**Work instructions:** Every line containing the word "ultimately" must be pulled from the records.

---------- Information supplied

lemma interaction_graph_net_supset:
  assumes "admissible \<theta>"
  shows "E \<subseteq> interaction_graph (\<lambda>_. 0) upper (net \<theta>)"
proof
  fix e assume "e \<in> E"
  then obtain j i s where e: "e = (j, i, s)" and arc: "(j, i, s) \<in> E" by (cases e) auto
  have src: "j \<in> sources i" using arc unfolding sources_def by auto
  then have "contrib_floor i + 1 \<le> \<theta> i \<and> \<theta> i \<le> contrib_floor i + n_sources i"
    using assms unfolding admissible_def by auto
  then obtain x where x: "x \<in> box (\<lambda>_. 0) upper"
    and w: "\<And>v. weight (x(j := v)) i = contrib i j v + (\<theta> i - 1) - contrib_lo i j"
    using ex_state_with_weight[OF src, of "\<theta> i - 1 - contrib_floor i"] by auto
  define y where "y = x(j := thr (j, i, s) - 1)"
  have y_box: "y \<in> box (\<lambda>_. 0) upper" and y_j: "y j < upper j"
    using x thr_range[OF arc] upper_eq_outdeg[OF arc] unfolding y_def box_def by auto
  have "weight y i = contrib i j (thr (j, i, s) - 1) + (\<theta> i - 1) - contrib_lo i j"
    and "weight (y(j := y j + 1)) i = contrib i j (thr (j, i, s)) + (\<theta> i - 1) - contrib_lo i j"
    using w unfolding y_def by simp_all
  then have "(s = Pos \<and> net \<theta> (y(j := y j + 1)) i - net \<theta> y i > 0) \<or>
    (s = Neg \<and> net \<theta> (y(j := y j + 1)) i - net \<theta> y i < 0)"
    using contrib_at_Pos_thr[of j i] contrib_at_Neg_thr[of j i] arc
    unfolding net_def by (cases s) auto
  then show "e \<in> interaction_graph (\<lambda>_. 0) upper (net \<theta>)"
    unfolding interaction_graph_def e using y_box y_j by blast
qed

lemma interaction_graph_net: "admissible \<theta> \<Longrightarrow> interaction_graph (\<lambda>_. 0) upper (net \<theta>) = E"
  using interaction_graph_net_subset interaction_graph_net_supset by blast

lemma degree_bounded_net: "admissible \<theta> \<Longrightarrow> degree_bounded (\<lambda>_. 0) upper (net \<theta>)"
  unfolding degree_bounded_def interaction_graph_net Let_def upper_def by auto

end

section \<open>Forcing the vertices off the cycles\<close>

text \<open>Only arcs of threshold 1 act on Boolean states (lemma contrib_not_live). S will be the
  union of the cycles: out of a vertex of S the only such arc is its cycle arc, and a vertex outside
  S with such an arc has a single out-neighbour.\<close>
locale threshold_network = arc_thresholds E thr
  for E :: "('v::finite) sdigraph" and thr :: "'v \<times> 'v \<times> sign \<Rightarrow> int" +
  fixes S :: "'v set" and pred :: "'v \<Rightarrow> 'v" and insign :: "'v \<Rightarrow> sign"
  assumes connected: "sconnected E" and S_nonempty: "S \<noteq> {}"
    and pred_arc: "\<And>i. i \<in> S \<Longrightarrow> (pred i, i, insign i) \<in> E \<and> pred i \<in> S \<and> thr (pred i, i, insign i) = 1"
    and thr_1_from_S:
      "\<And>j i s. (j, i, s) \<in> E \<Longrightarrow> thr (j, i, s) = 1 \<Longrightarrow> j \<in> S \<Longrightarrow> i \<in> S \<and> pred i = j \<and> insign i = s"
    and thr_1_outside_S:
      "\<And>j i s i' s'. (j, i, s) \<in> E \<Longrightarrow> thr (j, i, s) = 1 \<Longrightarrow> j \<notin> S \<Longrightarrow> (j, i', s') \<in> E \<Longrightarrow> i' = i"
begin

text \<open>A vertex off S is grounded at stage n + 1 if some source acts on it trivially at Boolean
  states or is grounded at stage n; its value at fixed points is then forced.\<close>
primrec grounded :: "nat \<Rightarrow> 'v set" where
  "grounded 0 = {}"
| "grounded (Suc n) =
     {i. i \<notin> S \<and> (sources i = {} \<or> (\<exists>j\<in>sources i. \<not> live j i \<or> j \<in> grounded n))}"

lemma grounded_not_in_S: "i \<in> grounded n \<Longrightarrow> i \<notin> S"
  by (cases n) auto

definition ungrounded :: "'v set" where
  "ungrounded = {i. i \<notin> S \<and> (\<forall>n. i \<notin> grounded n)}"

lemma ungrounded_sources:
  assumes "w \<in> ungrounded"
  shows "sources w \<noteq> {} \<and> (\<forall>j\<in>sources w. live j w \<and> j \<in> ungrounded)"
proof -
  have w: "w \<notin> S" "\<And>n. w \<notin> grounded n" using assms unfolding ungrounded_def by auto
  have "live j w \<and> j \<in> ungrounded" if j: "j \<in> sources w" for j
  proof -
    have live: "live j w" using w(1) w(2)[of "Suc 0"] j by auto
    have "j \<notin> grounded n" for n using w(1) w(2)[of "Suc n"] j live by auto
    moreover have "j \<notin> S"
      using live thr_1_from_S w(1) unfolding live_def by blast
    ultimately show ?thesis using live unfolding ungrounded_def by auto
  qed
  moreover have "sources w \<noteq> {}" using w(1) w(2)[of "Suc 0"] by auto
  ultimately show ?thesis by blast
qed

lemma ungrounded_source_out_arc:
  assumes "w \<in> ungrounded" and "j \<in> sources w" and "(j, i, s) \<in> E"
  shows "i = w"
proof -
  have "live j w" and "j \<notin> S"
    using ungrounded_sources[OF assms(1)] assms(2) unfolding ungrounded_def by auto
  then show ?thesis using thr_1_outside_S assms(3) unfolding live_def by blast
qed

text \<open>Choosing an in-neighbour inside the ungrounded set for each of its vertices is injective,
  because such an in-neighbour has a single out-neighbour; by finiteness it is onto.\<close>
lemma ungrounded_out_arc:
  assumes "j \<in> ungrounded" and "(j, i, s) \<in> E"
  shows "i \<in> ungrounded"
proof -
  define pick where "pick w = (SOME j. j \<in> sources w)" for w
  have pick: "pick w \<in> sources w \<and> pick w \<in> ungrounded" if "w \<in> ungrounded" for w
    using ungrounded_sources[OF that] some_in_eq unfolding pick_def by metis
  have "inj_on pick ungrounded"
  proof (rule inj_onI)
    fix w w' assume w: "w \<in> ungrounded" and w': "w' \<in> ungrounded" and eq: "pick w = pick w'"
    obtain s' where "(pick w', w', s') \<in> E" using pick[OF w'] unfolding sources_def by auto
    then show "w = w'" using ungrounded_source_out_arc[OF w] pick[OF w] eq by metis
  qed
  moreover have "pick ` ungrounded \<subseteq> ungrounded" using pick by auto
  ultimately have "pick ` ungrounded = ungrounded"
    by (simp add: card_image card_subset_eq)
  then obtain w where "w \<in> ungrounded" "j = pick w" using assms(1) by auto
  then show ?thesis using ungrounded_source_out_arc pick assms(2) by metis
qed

--------------------

**Task answer:**
    ultimately show ?thesis using live unfolding ungrounded_def by auto
  ultimately show ?thesis by blast
  ultimately have "pick ` ungrounded = ungrounded"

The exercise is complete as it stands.